Does a lot of repeated sum(x) in different cols make a Select slower?
I have a really big table with dozens of columns and lots of rows. Lets call this table FT. Everyday I run a script that reads data from the FT table, perform some calculations, and update a smaller table (table FA) that I use 开发者_如何学Pythonto generate reports.
The query that update FA is something like:
INSERT INTO FA (A, B, C)
(SELECT sum(X), sum(x) * sum(y), sum(x) + sum(z)) group by..
As I use sum(x) a lot of times, will it be faster if I create a temporary table with sum(x), sum(y) and sum(z) and use it to update my FA table?
every db i know has this kind of thign optimized so the values are calculated only once.
if you're not certain look at the execution plan and the reads for the current query and your changed to temp table query.
As a general rule of thumb, the time taken to retreive the data from disk is the slowest operation a database does (particularly on a large table)
I would expect relatively straight-forward arithmetic operations such as these to be negligable in comparison.

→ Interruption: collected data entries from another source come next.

section \<open>Triangles\<close>

lemma cycle_triangle_free: "G_E (cyc c) (cyc d) \<Longrightarrow> G_E (cyc (Suc c)) (cyc d) \<Longrightarrow> False"
  unfolding cyc_adj_iff cong_N_iff_dvd
  by (elim disjE) (erule N_dvd_pair_absurd, assumption, simp)+

lemma sun_E_cyc_Inr: "G_E (cyc x) (Inr p) \<Longrightarrow> x mod L \<le> 1"
proof -
  assume edge: "G_E (cyc x) (Inr p)"
  have "Inr p \<notin> cyc_edge c" for c
    using cyc_edge_subset_range_cyc Inr_notin_range_cyc by blast
  then obtain i u where "cyc x = emb i u"
    using edge unfolding sun_E_iff copy_edge_def by blast
  then have "u \<in> {a, b}"
    using emb_in_range_cyc_iff by (metis rangeI)
  then have "cyc x = cyc (i * L) \<or> cyc x = cyc (Suc (i * L))"
    using \<open>cyc x = emb i u\<close> by (auto simp: emb_a emb_b)
  then show ?thesis
    using root_mod_L by (auto dest: cyc_eq_imp_mod_L)
qed

lemma path_edge_triangle_free:
  assumes "{x, y} \<in> path_edges" "G_E x z" "G_E y z"
  shows False
proof -
  obtain c where c: "c mod L \<noteq> 0" "{x, y} = cyc_edge c"
    using assms(1) by (auto simp: path_edges_def)
  then have edges: "G_E (cyc c) z" "G_E (cyc (Suc c)) z"
    using assms(2,3) unfolding cyc_edge_def doubleton_eq_iff by blast+
  consider d where "z = cyc d" | p where "z = Inr p"
    using sun_E_in_sun_V[OF assms(3)] unfolding sun_V_eq by blast
  then show False
  proof cases
    case 1
    then show False
      using edges cycle_triangle_free sun_E_sym by blast
  next
    case 2
    then have "c mod L \<le> 1" "Suc c mod L \<le> 1"
      using edges sun_E_cyc_Inr by blast+
    then show False
      using c(1) L_ge_3 by (simp add: mod_Suc split: if_splits)
  qed
qed

lemma copy_edge_in_triangle: "copy_edge x y \<Longrightarrow> \<exists>z. copy_edge x z \<and> copy_edge y z"
  using triangles unfolding copy_edge_def edges_in_triangles_def by blast

lemma copy_edge_imp_sun_E: "copy_edge x y \<Longrightarrow> G_E x y"
  by (simp add: sun_E_iff)

lemma copy_edge_not_path_edge: "copy_edge x y \<Longrightarrow> {x, y} \<notin> path_edges"
  using copy_edge_in_triangle copy_edge_imp_sun_E path_edge_triangle_free by blast

lemma non_path_edge_is_copy_edge:
  assumes "G_E x y" "{x, y} \<notin> path_edges"
  shows "copy_edge x y"
proof (cases "copy_edge x y")
  case False
  then obtain c where c: "{x, y} = cyc_edge c"
    using assms(1) unfolding sun_E_iff by blast
  then have "c mod L = 0"
    using assms(2) cyc_edge_in_path_edges_iff by auto
  then obtain i where "i \<in> {1..2*k}" "cyc c = emb i a" "cyc (Suc c) = emb i b"
    using root_cyc_edge_is_copy_edge[OF \<open>c mod L = 0\<close>] by blast
  then have "{x, y} = {emb i a, emb i b}"
    using c by (simp add: cyc_edge_def)
  then show ?thesis
    unfolding copy_edge_def doubleton_eq_iff using \<open>i \<in> {1..2*k}\<close> root_edge E_sym by blast
next
  case True
  then show ?thesis .
qed

lemma endo_edge: "\<psi> \<in> homs G_V G_E G_V G_E \<Longrightarrow> G_E x y \<Longrightarrow> G_E (\<psi> x) (\<psi> y)"
  unfolding homs_def by blast

lemma endo_preserves_copy_edges:
  assumes "\<psi> \<in> homs G_V G_E G_V G_E" "copy_edge x y"
  shows "copy_edge (\<psi> x) (\<psi> y)"
proof -
  obtain z where "copy_edge x z" "copy_edge y z"
    using copy_edge_in_triangle[OF assms(2)] by blast
  then have "{\<psi> x, \<psi> y} \<notin> path_edges"
    using path_edge_triangle_free endo_edge[OF assms(1)] copy_edge_imp_sun_E by blast
  then show ?thesis
    using non_path_edge_is_copy_edge endo_edge[OF assms(1)] copy_edge_imp_sun_E assms(2) by blast
qed

section \<open>Root-preserving maps of the cycle\<close>

text \<open>
  A root-preserving map \<pi> describes an endomorphism on the cycle: it traverses every cycle
  edge c either forward, onto the edge \<pi> c, or backward, onto the edge \<pi> (Suc c), and it
  maps root edges exactly onto root edges. The position seg_pos of a cycle vertex runs from 0
  just after a root edge to l just before the next one.
\<close>

definition fwd :: "(nat \<Rightarrow> nat) \<Rightarrow> nat \<Rightarrow> bool" where
  "fwd \<pi> c \<longleftrightarrow> [Suc (\<pi> c) = \<pi> (Suc c)] (mod N)"

definition bwd :: "(nat \<Rightarrow> nat) \<Rightarrow> nat \<Rightarrow> bool" where
  "bwd \<pi> c \<longleftrightarrow> [Suc (\<pi> (Suc c)) = \<pi> c] (mod N)"

definition root_preserving :: "(nat \<Rightarrow> nat) \<Rightarrow> bool" where
  "root_preserving \<pi> \<longleftrightarrow> (\<forall>c.
     fwd \<pi> c \<and> (\<pi> c mod L = 0 \<longleftrightarrow> c mod L = 0) \<or>
     bwd \<pi> c \<and> (\<pi> (Suc c) mod L = 0 \<longleftrightarrow> c mod L = 0))"

definition dir :: "(nat \<Rightarrow> nat) \<Rightarrow> nat \<Rightarrow> int" where
  "dir \<pi> c = (if fwd \<pi> c then 1 else -1)"

definition seg_pos :: "nat \<Rightarrow> nat" where
  "seg_pos x = (x + l) mod L"

lemma not_fwd_and_bwd: "\<not> (fwd \<pi> c \<and> bwd \<pi> c)"
proof
  assume "fwd \<pi> c \<and> bwd \<pi> c"
  then have "int N dvd int (Suc (\<pi> c)) - int (\<pi> (Suc c))"
    and "int N dvd int (Suc (\<pi> (Suc c))) - int (\<pi> c)"
    unfolding fwd_def bwd_def cong_N_iff_dvd by blast+
  then show False
    by (rule N_dvd_pair_absurd) simp
qed

lemma root_preserving_step:
  assumes "root_preserving \<pi>"
  shows "fwd \<pi> c \<and> (\<pi> c mod L = 0 \<longleftrightarrow> c mod L = 0) \<or>
    bwd \<pi> c \<and> (\<pi> (Suc c) mod L = 0 \<longleftrightarrow> c mod L = 0)"
  using assms unfolding root_preserving_def by (rule spec)

lemma root_preserving_fwd:
  assumes "root_preserving \<pi>" "fwd \<pi> c"
  shows "\<pi> c mod L = 0 \<longleftrightarrow> c mod L = 0"
  using root_preserving_step[OF assms(1), of c] not_fwd_and_bwd[of \<pi> c] assms(2) by argo

lemma root_preserving_bwd:
  assumes "root_preserving \<pi>" "\<not> fwd \<pi> c"
  shows "bwd \<pi> c \<and> (\<pi> (Suc c) mod L = 0 \<longleftrightarrow> c mod L = 0)"
  using root_preserving_step[OF assms(1), of c] assms(2) by argo

lemma dir_cases: "dir \<pi> c = 1 \<or> dir \<pi> c = -1"
  by (simp add: dir_def)

lemma seg_pos_eq: "seg_pos x = (x mod L + l) mod L"
  by (simp add: seg_pos_def mod_add_left_eq)

lemma seg_pos_cong: "[x = y] (mod N) \<Longrightarrow> seg_pos x = seg_pos y"
  using cong_N_imp_mod_L by (simp add: seg_pos_eq)

lemma seg_pos_Suc: "seg_pos (Suc x) = x mod L"
proof -
  have "Suc x + l = x + L"
    by (simp add: L_def)
  then have "seg_pos (Suc x) = (x + L) mod L"
    unfolding seg_pos_def by (simp only:)
  then show ?thesis
    by simp
qed

lemma seg_pos_root: "x mod L = 0 \<Longrightarrow> seg_pos x = l"
  by (simp add: seg_pos_eq L_def)

lemma Suc_seg_pos: "x mod L \<noteq> 0 \<Longrightarrow> Suc (seg_pos x) = x mod L"
proof -
  assume "x mod L \<noteq> 0"
  moreover have "x mod L < L"
    using L_ge_3 by simp
  ultimately have eq: "x mod L + l = (x mod L - 1) + L" and lt: "x mod L - 1 < L"
    unfolding L_def by linarith+
  have "seg_pos x = (x mod L - 1 + L) mod L"
    by (simp only: seg_pos_eq eq)
  also have "\<dots> = x mod L - 1"
    by (simp only: mod_add_self2 mod_less[OF lt])
  finally show ?thesis
    using \<open>x mod L \<noteq> 0\<close> by simp
qed

lemma seg_pos_fwd: "fwd \<pi> c \<Longrightarrow> seg_pos (\<pi> (Suc c)) = \<pi> c mod L"
  unfolding fwd_def by (metis seg_pos_cong seg_pos_Suc)

lemma seg_pos_bwd: "bwd \<pi> c \<Longrightarrow> seg_pos (\<pi> c) = \<pi> (Suc c) mod L"
  unfolding bwd_def by (metis seg_pos_cong seg_pos_Suc)

lemma seg_pos_step:
  assumes "root_preserving \<pi>" "c mod L \<noteq> 0"
  shows "int (seg_pos (\<pi> (Suc c))) = int (seg_pos (\<pi> c)) + dir \<pi> c"
proof (cases "fwd \<pi> c")
  case True
  then have "\<pi> c mod L \<noteq> 0"
    using root_preserving_fwd[OF assms(1) True] assms(2) by simp
  then have "seg_pos (\<pi> (Suc c)) = Suc (seg_pos (\<pi> c))"
    unfolding seg_pos_fwd[OF True] by (rule Suc_seg_pos[symmetric])
  then show ?thesis
    using True by (simp add: dir_def)
next
  case False
  then have "bwd \<pi> c" "\<pi> (Suc c) mod L \<noteq> 0"
    using root_preserving_bwd[OF assms(1) False] assms(2) by simp_all
  then have "seg_pos (\<pi> c) = Suc (seg_pos (\<pi> (Suc c)))"
    unfolding seg_pos_bwd[OF \<open>bwd \<pi> c\<close>] using Suc_seg_pos by simp
  then show ?thesis
    using False by (simp add: dir_def)
qed

lemma seg_pos_root_step:
  assumes "root_preserving \<pi>" "c mod L = 0"
  shows "seg_pos (\<pi> c) = (if fwd \<pi> c then l else 0) \<and>
    seg_pos (\<pi> (Suc c)) = (if fwd \<pi> c then 0 else l)"
proof (cases "fwd \<pi> c")
  case True
  then have "\<pi> c mod L = 0"
    using root_preserving_fwd[OF assms(1) True] assms(2) by simp
  then show ?thesis
    using True seg_pos_root seg_pos_fwd[OF True] by simp
next
  case False
  then have "bwd \<pi> c" "\<pi> (Suc c) mod L = 0"
    using root_preserving_bwd[OF assms(1) False] assms(2) by simp_all
  then show ?thesis
    using False seg_pos_root seg_pos_bwd[OF \<open>bwd \<pi> c\<close>] by simp
qed

text \<open>
  The positions of the images of one path form a walk of l unit steps between the ends 0 and
  l; it cannot return to its start when l is odd, nor when the root edges on both sides keep
  the direction, so it is monotone.
\<close>

lemma dir_const_on_segment:
  assumes \<pi>: "root_preserving \<pi>"
    and next_root: "odd l \<or> dir \<pi> (i * L + L) = dir \<pi> (i * L)"
    and j: "j \<le> L"
  shows "dir \<pi> (i * L + j) = dir \<pi> (i * L)"
proof -
  define s where "s = dir \<pi> (i * L)"
  define q where "q j = int (seg_pos (\<pi> (Suc (i * L + j))))" for j
  have step: "q (Suc j) = q j + dir \<pi> (i * L + Suc j)" if "j < l" for j
  proof -
    have "Suc j < L"
      using that by (simp add: L_def)
    then show ?thesis
      using seg_pos_step[OF \<pi>, of "i * L + Suc j"] by (simp add: q_def)
  qed
  have q0: "q 0 = (if s = 1 then 0 else int l)"
    using seg_pos_root_step[OF \<pi>, of "i * L"] by (simp add: q_def s_def dir_def)
  have ql: "q l = (if dir \<pi> (i * L + L) = 1 then int l else 0)"
  proof -
    have "Suc (i * L + l) = i * L + L"
      by (simp add: L_def)
    then have "q l = int (seg_pos (\<pi> (i * L + L)))"
      by (simp only: q_def)
    then show ?thesis
      using seg_pos_root_step[OF \<pi>, of "i * L + L"] by (simp add: dir_def)
  qed
  have s: "s = 1 \<or> s = -1"
    by (simp add: s_def dir_cases)
  have "\<bar>q (Suc j) - q j\<bar> = 1" if "j < l" for j
    using step[OF that] dir_cases[of \<pi> "i * L + Suc j"] by auto
  moreover have "q l = q 0 \<or> q l = q 0 + s * int l"
    using q0 ql s dir_cases[of \<pi> "i * L + L"] by auto
  moreover have "odd l \<or> q l \<noteq> q 0"
    using next_root q0 ql l_ge_2 by (auto simp: s_def)
  ultimately have walk: "q l = q 0 + s * int l" "\<And>j. j < l \<Longrightarrow> q (Suc j) = q j + s"
    using unit_walk_monotone[OF _ s] by blast+
  show ?thesis
  proof (cases "j = L \<or> j = 0")
    case True
    then show ?thesis
      using walk(1) q0 ql l_ge_2 s dir_cases[of \<pi> "i * L + L"] by (auto simp: s_def)
  next
    case False
    then obtain j' where "j = Suc j'" "j' < l"
      using j by (cases j) (auto simp: L_def)
    then show ?thesis
      using walk(2) step by (simp add: s_def)
  qed
qed
(* Let $\mathcal{A},\mathcal{C}$ be small categories and let $\Gamma,P:\mathcal{A}^{op}\times\mathcal{A}\times\mathcal{C}^{op}\times\mathcal{C}\to\mathbf{Set}$ be functors. Let $h$ be a dinatural transformation, dinatural in $(z,x)\in\mathcal{A}\times\mathcal{C}$, from $(z',z,x',x)\mapsto\Gamma(z',z,x',x)$ to $(z',z,x',x)\mapsto P(z',z,x',x)$, with components $h_{z,x}:\Gamma(z,z,x,x)\to P(z,z,x,x)$. Then there is a dinatural transformation $J(h)$, dinatural in $(a,b,x)\in\mathcal{A}^{op}\times\mathcal{A}\times\mathcal{C}$, from the dipresheaf $(a',b',x',a,b,x)\mapsto \hom_{\mathcal{A}}(a,b)\times\Gamma(b',a',x',x)$ to the dipresheaf $(a',b',x',a,b,x)\mapsto P(a,b,x',x)$ (here $a'\in\mathcal{A}$, $b'\in\mathcal{A}^{op}$, $x'\in\mathcal{C}^{op}$ are the contravariant arguments), with components $$J(h)_{a,b,x}:\hom_{\mathcal{A}}(a,b)\times\Gamma(b,a,x,x)\to P(a,b,x,x),$$ satisfying the computation rule $J(h)_{z,z,x}(\mathrm{id}_z,k)=h_{z,x}(k)$ for all objects $z\in\mathcal{A}$, $x\in\mathcal{C}$ and all $k\in\Gamma(z,z,x,x)$.
   Context: A dipresheaf on a category $\mathcal{B}$ is a functor $\mathcal{B}^{op}\times\mathcal{B}\to\mathbf{Set}$; more generally a difunctor is a functor $\mathcal{B}^{op}\times\mathcal{B}\to\mathcal{D}$. For difunctors $F,G:\mathcal{B}^{op}\times\mathcal{B}\to\mathcal{D}$, a dinatural transformation $\alpha:F\Rightarrow G$ is a family of morphisms $\alpha_x:F(x,x)\to G(x,x)$, $x\in\mathcal{B}$, such that for every $f:a\to b$ in $\mathcal{B}$: $G(f,\mathrm{id}_b)\circ\alpha_b\circ F(\mathrm{id}_b,f)=G(\mathrm{id}_a,f)\circ\alpha_a\circ F(f,\mathrm{id}_a)$ as maps $F(b,a)\to G(a,b)$. When $\mathcal{B}$ is a product of categories (e.g. $\mathcal{A}\times\mathcal{C}$ or $\mathcal{A}^{op}\times\mathcal{A}\times\mathcal{C}$), a functor $\mathcal{B}^{op}\times\mathcal{B}\to\mathbf{Set}$ is written with its arguments reordered, and "dinatural in $(z,x)$" means dinatural as a family indexed by objects of the product category. Note $\hom_{\mathcal{A}}(a,b)$ is covariant in $a\in\mathcal{A}^{op}$ and $b\in\mathcal{A}$. *)

theory Defs
  imports Main
begin

record ('o, 'm) cat =
  cObj  :: "'o set"
  cArr  :: "'m set"
  cDom  :: "'m \<Rightarrow> 'o"
  cCod  :: "'m \<Rightarrow> 'o"
  cId   :: "'o \<Rightarrow> 'm"
  cComp :: "'m \<Rightarrow> 'm \<Rightarrow> 'm"   (* cComp C g f = g \<circ> f *)

definition category :: "('o, 'm) cat \<Rightarrow> bool" where
  "category C \<longleftrightarrow>
     (\<forall>f\<in>cArr C. cDom C f \<in> cObj C \<and> cCod C f \<in> cObj C) \<and>
     (\<forall>a\<in>cObj C. cId C a \<in> cArr C \<and> cDom C (cId C a) = a \<and> cCod C (cId C a) = a) \<and>
     (\<forall>f\<in>cArr C. \<forall>g\<in>cArr C. cCod C f = cDom C g \<longrightarrow>
        cComp C g f \<in> cArr C \<and> cDom C (cComp C g f) = cDom C f \<and> cCod C (cComp C g f) = cCod C g) \<and>
     (\<forall>f\<in>cArr C. cComp C (cId C (cCod C f)) f = f \<and> cComp C f (cId C (cDom C f)) = f) \<and>
     (\<forall>f\<in>cArr C. \<forall>g\<in>cArr C. \<forall>h\<in>cArr C. cCod C f = cDom C g \<longrightarrow> cCod C g = cDom C h \<longrightarrow>
        cComp C h (cComp C g f) = cComp C (cComp C h g) f)"

definition op_cat :: "('o, 'm) cat \<Rightarrow> ('o, 'm) cat" where
  "op_cat C = \<lparr>cObj = cObj C, cArr = cArr C, cDom = cCod C, cCod = cDom C,
               cId = cId C, cComp = (\<lambda>g f. cComp C f g)\<rparr>"

definition prod_cat :: "('o1, 'm1) cat \<Rightarrow> ('o2, 'm2) cat \<Rightarrow> ('o1 \<times> 'o2, 'm1 \<times> 'm2) cat" where
  "prod_cat C D = \<lparr>cObj = cObj C \<times> cObj D, cArr = cArr C \<times> cArr D,
     cDom = (\<lambda>(f, g). (cDom C f, cDom D g)), cCod = (\<lambda>(f, g). (cCod C f, cCod D g)),
     cId = (\<lambda>(a, b). (cId C a, cId D b)),
     cComp = (\<lambda>(g1, g2) (f1, f2). (cComp C g1 f1, cComp D g2 f2))\<rparr>"

definition hom :: "('o, 'm) cat \<Rightarrow> 'o \<Rightarrow> 'o \<Rightarrow> 'm set" where
  "hom C a b = {f \<in> cArr C. cDom C f = a \<and> cCod C f = b}"

definition set_functor :: "('o, 'm) cat \<Rightarrow> ('o \<Rightarrow> 'e set) \<Rightarrow> ('m \<Rightarrow> 'e \<Rightarrow> 'e) \<Rightarrow> bool" where
  "set_functor D Fo Fm \<longleftrightarrow>
     (\<forall>f\<in>cArr D. \<forall>u\<in>Fo (cDom D f). Fm f u \<in> Fo (cCod D f)) \<and>
     (\<forall>a\<in>cObj D. \<forall>u\<in>Fo a. Fm (cId D a) u = u) \<and>
     (\<forall>f\<in>cArr D. \<forall>g\<in>cArr D. cCod D f = cDom D g \<longrightarrow>
        (\<forall>u\<in>Fo (cDom D f). Fm (cComp D g f) u = Fm g (Fm f u)))"

definition dinatural ::
  "('o, 'm) cat \<Rightarrow> ('o \<times> 'o \<Rightarrow> 'e set) \<Rightarrow> ('m \<times> 'm \<Rightarrow> 'e \<Rightarrow> 'e)
     \<Rightarrow> ('o \<times> 'o \<Rightarrow> 'p set) \<Rightarrow> ('m \<times> 'm \<Rightarrow> 'p \<Rightarrow> 'p) \<Rightarrow> ('o \<Rightarrow> 'e \<Rightarrow> 'p) \<Rightarrow> bool" where
  "dinatural B Fo Fm Go Gm \<alpha> \<longleftrightarrow>
     set_functor (prod_cat (op_cat B) B) Fo Fm \<and>
     set_functor (prod_cat (op_cat B) B) Go Gm \<and>
     (\<forall>x\<in>cObj B. \<forall>u\<in>Fo (x, x). \<alpha> x u \<in> Go (x, x)) \<and>
     (\<forall>f\<in>cArr B. \<forall>u\<in>Fo (cCod B f, cDom B f).
        Gm (f, cId B (cCod B f)) (\<alpha> (cCod B f) (Fm (cId B (cCod B f), f) u)) =
        Gm (cId B (cDom B f), f) (\<alpha> (cDom B f) (Fm (f, cId B (cDom B f)) u)))"

end

theory Submission
  imports Defs
begin

(* J(h) transports along u : a -> b on both sides of h: pull gamma in Gamma(b,a) back to
   Gamma(a,a) along u, apply h, and push the result forward to P(a,b) along u.  At u = id
   functoriality collapses this to h.  Dinaturality of J(h) at (f, g, k) reduces, after
   absorbing g and u into a single arrow by functoriality, to two instances of dinaturality
   of h: in the A-direction at f and in the C-direction at k. *)

lemma op_cat_simps [simp]:
  "cObj (op_cat C) = cObj C" "cArr (op_cat C) = cArr C"
  "cDom (op_cat C) = cCod C" "cCod (op_cat C) = cDom C"
  "cId (op_cat C) = cId C" "cComp (op_cat C) g f = cComp C f g"
  by (simp_all add: op_cat_def)

lemma prod_cat_simps [simp]:
  "cObj (prod_cat C D) = cObj C \<times> cObj D" "cArr (prod_cat C D) = cArr C \<times> cArr D"
  "cDom (prod_cat C D) (f, g) = (cDom C f, cDom D g)"
  "cCod (prod_cat C D) (f, g) = (cCod C f, cCod D g)"
  "cId (prod_cat C D) (a, b) = (cId C a, cId D b)"
  "cComp (prod_cat C D) (g1, g2) (f1, f2) = (cComp C g1 f1, cComp D g2 f2)"
  by (simp_all add: prod_cat_def)

locale small_category =
  fixes A :: "('o, 'm) cat"
  assumes category: "category A"
begin

lemma dom_in_Obj [simp]: "f \<in> cArr A \<Longrightarrow> cDom A f \<in> cObj A"
  and cod_in_Obj [simp]: "f \<in> cArr A \<Longrightarrow> cCod A f \<in> cObj A"
  and id_in_Arr [simp]: "a \<in> cObj A \<Longrightarrow> cId A a \<in> cArr A"
  and dom_id [simp]: "a \<in> cObj A \<Longrightarrow> cDom A (cId A a) = a"
  and cod_id [simp]: "a \<in> cObj A \<Longrightarrow> cCod A (cId A a) = a"
  using category unfolding category_def by blast+

lemma comp_in_Arr [simp]:
    "f \<in> cArr A \<Longrightarrow> g \<in> cArr A \<Longrightarrow> cCod A f = cDom A g \<Longrightarrow> cComp A g f \<in> cArr A"
  and dom_comp [simp]:
    "f \<in> cArr A \<Longrightarrow> g \<in> cArr A \<Longrightarrow> cCod A f = cDom A g \<Longrightarrow> cDom A (cComp A g f) = cDom A f"
  and cod_comp [simp]:
    "f \<in> cArr A \<Longrightarrow> g \<in> cArr A \<Longrightarrow> cCod A f = cDom A g \<Longrightarrow> cCod A (cComp A g f) = cCod A g"
  using category unfolding category_def by blast+

lemma comp_id_left: "f \<in> cArr A \<Longrightarrow> cCod A f = b \<Longrightarrow> cComp A (cId A b) f = f"
  and comp_id_right: "f \<in> cArr A \<Longrightarrow> cDom A f = a \<Longrightarrow> cComp A f (cId A a) = f"
  using category unfolding category_def by blast+

lemma comp_assoc:
  "f \<in> cArr A \<Longrightarrow> g \<in> cArr A \<Longrightarrow> h \<in> cArr A \<Longrightarrow> cCod A f = cDom A g \<Longrightarrow> cCod A g = cDom A h \<Longrightarrow>
   cComp A h (cComp A g f) = cComp A (cComp A h g) f"
  using category unfolding category_def by blast

end

locale bidipresheaf =
  A: small_category A + C: small_category C
  for A :: "('a, 'm) cat" and C :: "('c, 'n) cat" +
  fixes Fo :: "('a \<times> 'a) \<times> ('c \<times> 'c) \<Rightarrow> 'e set"
    and Fm :: "('m \<times> 'm) \<times> ('n \<times> 'n) \<Rightarrow> 'e \<Rightarrow> 'e"
  assumes set_functor: "set_functor (prod_cat (prod_cat (op_cat A) A) (prod_cat (op_cat C) C)) Fo Fm"
begin

lemma maps_to:
  assumes "f1 \<in> cArr A" "f2 \<in> cArr A" "k1 \<in> cArr C" "k2 \<in> cArr C"
    and "u \<in> Fo ((cCod A f1, cDom A f2), (cCod C k1, cDom C k2))"
  shows "Fm ((f1, f2), (k1, k2)) u \<in> Fo ((cDom A f1, cCod A f2), (cDom C k1, cCod C k2))"
  using assms set_functor unfolding set_functor_def by force

lemma maps_to_Obj:
  assumes "f1 \<in> cArr A" "f2 \<in> cArr A" "k1 \<in> cArr C" "k2 \<in> cArr C"
    and "cCod A f1 = a" "cDom A f2 = b" "cCod C k1 = x" "cDom C k2 = y"
    and "cDom A f1 = a'" "cCod A f2 = b'" "cDom C k1 = x'" "cCod C k2 = y'"
    and "u \<in> Fo ((a, b), (x, y))"
  shows "Fm ((f1, f2), (k1, k2)) u \<in> Fo ((a', b'), (x', y'))"
  using maps_to assms by blast

lemma map_id:
  assumes "a \<in> cObj A" "b \<in> cObj A" "x \<in> cObj C" "y \<in> cObj C" "u \<in> Fo ((a, b), (x, y))"
  shows "Fm ((cId A a, cId A b), (cId C x, cId C y)) u = u"
  using assms set_functor unfolding set_functor_def by force

lemma map_comp:
  assumes "f1 \<in> cArr A" "f2 \<in> cArr A" "k1 \<in> cArr C" "k2 \<in> cArr C"
    and "g1 \<in> cArr A" "g2 \<in> cArr A" "l1 \<in> cArr C" "l2 \<in> cArr C"
    and "cDom A f1 = cCod A g1" "cCod A f2 = cDom A g2" "cDom C k1 = cCod C l1" "cCod C k2 = cDom C l2"
    and "cCod A f1 = a" "cDom A f2 = b" "cCod C k1 = x" "cDom C k2 = y"
    and "u \<in> Fo ((a, b), (x, y))"
  shows "Fm ((g1, g2), (l1, l2)) (Fm ((f1, f2), (k1, k2)) u) =
         Fm ((cComp A f1 g1, cComp A g2 f2), (cComp C k1 l1, cComp C l2 k2)) u"
proof -
  let ?D = "prod_cat (prod_cat (op_cat A) A) (prod_cat (op_cat C) C)"
  have "\<forall>f\<in>cArr ?D. \<forall>g\<in>cArr ?D. cCod ?D f = cDom ?D g \<longrightarrow>
          (\<forall>u\<in>Fo (cDom ?D f). Fm (cComp ?D g f) u = Fm g (Fm f u))"
    using set_functor unfolding set_functor_def by blast
  from this[rule_format, of "((f1, f2), (k1, k2))" "((g1, g2), (l1, l2))" u] assms
  show ?thesis by simp
qed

Benchmark your query against:
insert into fa (a, b, c)
select sum_x, sum_x * sum_y, sum_x * sum_z
from (select sum(x) as sum_x, sum(y) as sum_y, sum(z) as sum_z
from my_table
group by my_grouping_columns)
My strong suspicion is that Oracle's got to build the intermediate set first regardless -- the sums as grouped by - and then transform that into the final result set, regardless.
It will definitely not be easier or faster to force Oracle to materialize the intermediate result set into a global temporary table; you're adding direct path I/O without having a good reason to do so. That said, if the intermediate result set is expensive to build and used in multiple inserts, it may be worthwhile to materialize it into a temporary table.
Considering that you have tagged this post with data-warehouse
and datamart
, I can only assume that your FT table is some kind of a fact and that the query looks something like:
select
CalendarMonth
, sum(x) as Tot_1
, sum(x) * sum(y) as Tot_2
, sum(x) + sum(z) as Tot_3
from FT as f
join dimDate as d on d.DateKey = f.DateKey
join dimUser as u on u.UserKey = f.UserKey
join dimProduct as p on p.ProductKey = f.ProductKey
where CalendarYear between 2008 and 2010
and Country = 'United States'
and ProductCategory = 'Cool Gadget'
and UserGender = 'Female'
group by CalendarMonth ;
Which is exactly how an aggregation over measures in a fact table should look like.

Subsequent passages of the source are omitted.